EdgeMesh 部署完成後,edge 節點上的 node-exporter 中的兩個境變數還是空的,也無法訪問 kubernetes.default.svc.cluster.local:443,原因是該 pod 中 DNS 伺服器配置錯誤,應該是 169.254.96.16 的,但是卻是跟宿主機一樣的 DNS 配置。

kubectl exec -it node-exporter-hcmfg -n kubesphere-monitoring-system -- sh
Defaulted container "node-exporter" out of: node-exporter, kube-rbac-proxy
$ cat /etc/resolv.conf
nameserver 127.0.0.53

將 dnsPolicy 修改為 ClusterFirstWithHostNet,之後重啟 node-exporter,DNS 的配置正確。

kubectl edit ds node-exporter -n kubesphere-monitoring-system

  dnsPolicy: ClusterFirstWithHostNet
  hostNetwork: true

新增環境變數

vim /etc/systemd/system/edgecore.service

Environment=METASERVER_DUMMY_IP=kubernetes.default.svc.cluster.local
Environment=METASERVER_DUMMY_PORT=443

修改完重啟 edgecore。

systemctl daemon-reload
systemctl restart edgecore

node-exporter 變成 running!!!!

在邊緣節點 curl http://127.0.0.1:9100/metrics 可以發現採集到了邊緣節點的資料。

最後我們可以將 KubeSphere 的 K8s 服務透過 NodePort 暴露出來。
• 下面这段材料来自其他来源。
lemma dist_Delta_pow_H:
  assumes "H \<noteq> carrier G" "h \<in> H"
  shows "k \<le> wdist G S (\<Delta> [^] k) h"
proof (rule ccontr)
  assume "\<not> ?thesis"
  then obtain k' where k: "k = Suc k'" and short: "word_len G S (inv (\<Delta> [^] k) \<otimes> h) \<le> k'"
    by (cases k) (auto simp: wdist_def)
  have h: "h \<in> carrier G"
    using assms(2) generate_in_carrier[OF E_subset_carrier] H_eq by blast
  obtain ws where ws: "length ws = word_len G S (inv (\<Delta> [^] k) \<otimes> h)"
      "set ws \<subseteq> S \<union> (\<lambda>s. inv s) ` S" "wprod G ws = inv (\<Delta> [^] k) \<otimes> h"
    using word_len_witness[OF S_subset_carrier, of "inv (\<Delta> [^] k) \<otimes> h"] generate_S h by auto
  then have "\<Delta> [^] length ws \<otimes> (inv (\<Delta> [^] k) \<otimes> h) \<in> M"
    using Delta_pow_mult_word_in_M[of ws] by auto
  then have "\<Delta> [^] (k' - length ws) \<otimes> (\<Delta> [^] length ws \<otimes> (inv (\<Delta> [^] k) \<otimes> h)) \<in> M"
    using M_mult_closed M_nat_pow_closed[OF Delta_in_M] by blast
  moreover have "\<Delta> [^] (k' - length ws) \<otimes> \<Delta> [^] length ws = \<Delta> [^] k'"
    using nat_pow_mult[OF Delta_carrier, of "k' - length ws" "length ws"] short ws(1) by simp
  moreover have "inv (\<Delta> [^] k) = inv (\<Delta> [^] k') \<otimes> inv \<Delta>"
    unfolding k nat_pow_Suc2[OF Delta_carrier] by (simp add: inv_mult_group)
  ultimately have "inv \<Delta> \<otimes> h \<in> M"
    using h by (simp add: m_assoc[symmetric])
  then show False
    using not_Delta_leL_H[OF assms] by (simp add: leL_def)
qed

lemma dist_Delta_pow_one: "wdist G S (\<Delta> [^] k) \<one> \<le> k"
proof -
  have "word_len G S (inv \<Delta> [^] k) \<le> k * word_len G S (inv \<Delta>)"
    using word_len_pow_le[OF S_subset_carrier] generate_S by simp
  also have "\<dots> \<le> k"
    using word_len_Div_le(2)[OF Delta_in_D] by simp
  finally show ?thesis
    by (simp add: wdist_def nat_pow_inv)
qed

lemma dist_Delta_pow_delta_pow: "wdist G S (\<Delta> [^] k) (\<delta> [^] k) \<le> (k::nat)"
  unfolding wdist_def
proof (induct k)
  case 0
  show ?case
    by (simp add: word_len_one)
next
  case (Suc k)
  define c where "c = inv (\<Delta> [^] k) \<otimes> (inv \<delta> \<otimes> \<Delta>) \<otimes> \<Delta> [^] k"
  have "c \<in> D"
    unfolding c_def
    by (rule Div_conj_pow_closed(2)[OF Delta_balanced Div_complement_left[OF Delta_balanced delta_in_D]])
  have "inv (\<Delta> [^] Suc k) \<otimes> \<delta> [^] Suc k = inv c \<otimes> (inv (\<Delta> [^] k) \<otimes> \<delta> [^] k)"
    unfolding c_def nat_pow_Suc2[OF Delta_carrier] nat_pow_Suc2[OF delta_carrier]
    by (simp add: inv_mult_group m_assoc del: nat_pow_Suc)
  then have "word_len G S (inv (\<Delta> [^] Suc k) \<otimes> \<delta> [^] Suc k)
      \<le> word_len G S (inv c) + word_len G S (inv (\<Delta> [^] k) \<otimes> \<delta> [^] k)"
    using word_len_mult_le[OF S_subset_carrier] generate_S \<open>c \<in> D\<close> D_subset_carrier by auto
  then show ?case
    using word_len_Div_le(2)[OF \<open>c \<in> D\<close>] Suc by simp
qed

lemma proj_Delta_pow:
  assumes "H \<noteq> carrier G"
  shows "\<one> \<in> proj G S H (\<Delta> [^] (k::nat))" and "\<delta> [^] k \<in> proj G S H (\<Delta> [^] k)"
proof -
  have "\<delta> [^] k \<in> H"
    unfolding H_eq by (induct k) (auto intro: generate.intros delta_in_E)
  then have H: "\<one> \<in> H" "\<delta> [^] k \<in> H"
    by (simp_all add: H_eq generate.one)
  show "\<one> \<in> proj G S H (\<Delta> [^] k)"
    by (intro proj_memI H(1) order_trans[OF dist_Delta_pow_one dist_Delta_pow_H[OF assms]])
  show "\<delta> [^] k \<in> proj G S H (\<Delta> [^] k)"
    by (intro proj_memI H(2) order_trans[OF dist_Delta_pow_delta_pow dist_Delta_pow_H[OF assms]])
qed

end
lemma distant_pt_act:
  assumes "distant p p'" "(M::'a::ring_1 mat2) \<in> GL2"
  shows "distant (pt_act p M) (pt_act p' M)"
proof -
  obtain a b c d where p: "p = cyc a b" "p' = cyc c d" "(a, b, c, d) \<in> GL2"
    using assms(1) unfolding distant_def by blast
  obtain e f g h where M: "M = (e, f, g, h)" by (cases M)
  show ?thesis
    using GL2_mult[OF p(3) assms(2)] unfolding distant_def p M pt_act_cyc
    by (auto simp: mat2_mult_def)
qed

lemma distant_sym: "distant p p' \<Longrightarrow> distant p' (p::('a::ring_1 \<times> 'a) set)"
  unfolding distant_def using GL2_swap_rows by blast

lemma distant_imp_projline: "distant p p' \<Longrightarrow> p \<in> (projline::('a::ring_1 \<times> 'a) set set)"
  unfolding distant_def projline_def by blast

lemma not_distant_self: "\<not> distant p (p::('a::ring_1 \<times> 'a) set)"
proof
  assume "distant p p"
  then obtain a b c d where p: "p = cyc a b" "p = cyc c d" "(a, b, c, d) \<in> GL2"
    unfolding distant_def by blast
  obtain e f g h where "mat2_mult (a, b, c, d) (e, f, g, h) = mat2_one"
    using p(3) unfolding GL2_iff by blast
  then have inv: "a*e + b*g = 1" "c*e + d*g = 0" "c*f + d*h = 1"
    by (auto simp: mat2_mult_def mat2_one_def)
  obtain r where r: "c = r * a" "d = r * b"
    using cyc_self[of c d] unfolding p(2)[symmetric] p(1) mem_cyc_iff by blast
  have "r = r * (a*e + b*g)" using inv by simp
  also have "\<dots> = c*e + d*g" using r by (simp add: algebra_simps)
  finally have "r = 0" using inv by simp
  then show False using inv r by simp
qed

lemma distant_pt_inf_cyc: "distant pt_inf (cyc t (1::'a::ring_1))"
  unfolding distant_def using GL2_lower_unitriangular by blast

lemma distant_pt_inf_pt_zero: "distant pt_inf (pt_zero::('a::ring_1 \<times> 'a) set)"
  by (rule distant_pt_inf_cyc)

lemma distant_pt_infD:
  assumes "distant pt_inf x"
  obtains t where "x = cyc t (1::'a::ring_1)"
proof -
  obtain a b c d where p: "pt_inf = cyc a b" "x = cyc c d" "(a, b, c, d) \<in> GL2"
    using assms unfolding distant_def by blast
  obtain e f g h where "mat2_mult (a, b, c, d) (e, f, g, h) = mat2_one"
      "mat2_mult (e, f, g, h) (a, b, c, d) = mat2_one"
    using p(3) unfolding GL2_iff by blast
  then have inv: "a*f + b*h = 0" "c*f + d*h = 1" "g*b + h*d = 1"
    by (auto simp: mat2_mult_def mat2_one_def)
  have "b = 0"
    using cyc_self[of a b] unfolding p(1)[symmetric] mem_cyc_iff by auto
  moreover obtain s where "s * a = 1"
    using cyc_self[of "1::'a" 0] unfolding p(1) mem_cyc_iff by metis
  ultimately have "f = 0" using inv by (metis mult.assoc mult_1 mult_zero_right add_0_right mult_zero_left)
  then have "d * h = 1" "h * d = 1" using inv \<open>b = 0\<close> by simp_all
  then have "x = cyc (h * c) 1"
    unfolding p(2) using cyc_mult_left_unit[of h d "h * c" 1] by (simp add: mult.assoc[symmetric])
  then show ?thesis by (rule that)
qed

lemma pt_act_transposition: "pt_act (cyc a b) (0, 1, 1, 0) = cyc b (a::'a::ring_1)"
  by (simp add: pt_act_cyc)

lemma distant_pt_zeroD:
  assumes "distant pt_zero x"
  obtains t where "x = cyc (1::'a::ring_1) t"
proof -
  let ?J = "(0, 1, 1, 0) :: 'a mat2"
  have "mat2_mult ?J ?J = mat2_one" by (simp add: mat2_mult_def mat2_one_def)
  then have x: "x = pt_act (pt_act x ?J) ?J" by (simp add: pt_act_mat2_mult)
  have "distant pt_inf (pt_act x ?J)"
    using distant_pt_act[OF assms GL2_transposition] by (simp add: pt_act_transposition)
  then obtain t where "pt_act x ?J = cyc t 1" by (rule distant_pt_infD)
  then show ?thesis using x that by (simp add: pt_act_transposition)
qed

lemma inj_cyc_1: "inj (\<lambda>t. cyc t (1::'a::ring_1))"
proof (rule injI)
  fix t t' :: 'a
  assume "cyc t 1 = cyc t' 1"
  then have "(t, 1) \<in> cyc t' 1" using cyc_self by metis
  then show "t = t'" unfolding mem_cyc_iff by auto
qed

lemma distant_pt_inf_set:
  "{x \<in> projline. distant pt_inf x} = range (\<lambda>t. cyc t (1::'a::ring_1))"
proof safe
  fix x :: "('a \<times> 'a) set"
  assume "distant pt_inf x"
  then show "x \<in> range (\<lambda>t. cyc t 1)" by (metis distant_pt_infD rangeI)
next
  fix t :: 'a
  show "distant pt_inf (cyc t 1)" by (rule distant_pt_inf_cyc)
  then show "cyc t 1 \<in> projline" by (rule distant_imp_projline[OF distant_sym])
qed

lemma distant_pt_inf_pt_zero_set:
  "{x \<in> projline. distant pt_inf x \<and> distant pt_zero x} = (\<lambda>t. cyc t (1::'a::ring_1)) ` ring_units"
proof safe
  fix x :: "('a \<times> 'a) set"
  assume "distant pt_inf x" "distant pt_zero x"
  then obtain t t' where x: "x = cyc t 1" "x = cyc 1 t'"
    by (metis distant_pt_infD distant_pt_zeroD)
  have "t' * t = 1"
    using cyc_self[of 1 t'] unfolding x(2)[symmetric] x(1) mem_cyc_iff by auto
  moreover have "t * t' = 1"
    using cyc_self[of t 1] unfolding x(1)[symmetric] x(2) mem_cyc_iff by auto
  ultimately have "t \<in> ring_units" unfolding ring_units_def by blast
  then show "x \<in> (\<lambda>t. cyc t 1) ` ring_units" using x by blast
next
  fix u :: 'a
  assume "u \<in> ring_units"
  then obtain v where v: "u * v = 1" "v * u = 1" unfolding ring_units_def by blast
  show "cyc u 1 \<in> projline" "distant pt_inf (cyc u 1)"
    using distant_pt_inf_set by blast+
  have "(0, 1, u, 1) \<in> GL2"
    by (rule GL2I[of _ "(-v, v, 1, 0)"]) (simp_all add: mat2_mult_def mat2_one_def v)
  then show "distant pt_zero (cyc u 1)" unfolding distant_def by blast
qed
就可以在頁面檢視。

apiVersion: v1
kind: Service
metadata:
  labels:
    app.kubernetes.io/component: prometheus
    app.kubernetes.io/instance: k8s
    app.kubernetes.io/name: prometheus
    app.kubernetes.io/part-of: kube-prometheus
    app.kubernetes.io/version: 2.39.1
  name: prometheus-k8s-nodeport
  namespace: kubesphere-monitoring-system
spec:
  ports:
  - port: 9090
    targetPort: 9090
    protocol: TCP
    nodePort: 32143
  selector:
    app.kubernetes.io/component: prometheus
    app.kubernetes.io/instance: k8s
    app.kubernetes.io/name: prometheus
    app.kubernetes.io/part-of: kube-prometheus
  sessionAffinity: ClientIP
  sessionAffinityConfig:
    clientIP:
      timeoutSeconds: 10800
  type: NodePort

透過訪問 master IP + 32143 埠,就可以訪問邊緣節點 node-exporter 資料。

然後介面上也出現了 CPU 和記憶體的資訊。

搞定了 CPU 和記憶體,接下來就是 GPU 了。

監控 Jetson GPU 狀態

安裝 Jtop

首先 Jetson 是一個 ARM 裝置,所以無法執行 nvidia-smi ,需要安裝 Jtop。

sudo apt-get install python3-pip python3-dev -y
sudo -H pip3 install jetson-stats
sudo systemctl restart jtop.service

安裝 Jetson GPU Exporter

參考部落格,製作 Jetson GPU Exporter 映象,並且對應的 Grafana 儀表盤都有。

Dockerfile

FROM python:3-buster
RUN pip install --upgrade pip && pip install -U jetson-stats prometheus-client
RUN mkdir -p /root
COPY jetson_stats_prometheus_collector.py /root/jetson_stats_prometheus_collector.py
WORKDIR /root
USER root
RUN chmod +x /root/jetson_stats_prometheus_collector.py
ENTRYPOINT ["python3", "/root/jetson_stats_prometheus_collector.py"]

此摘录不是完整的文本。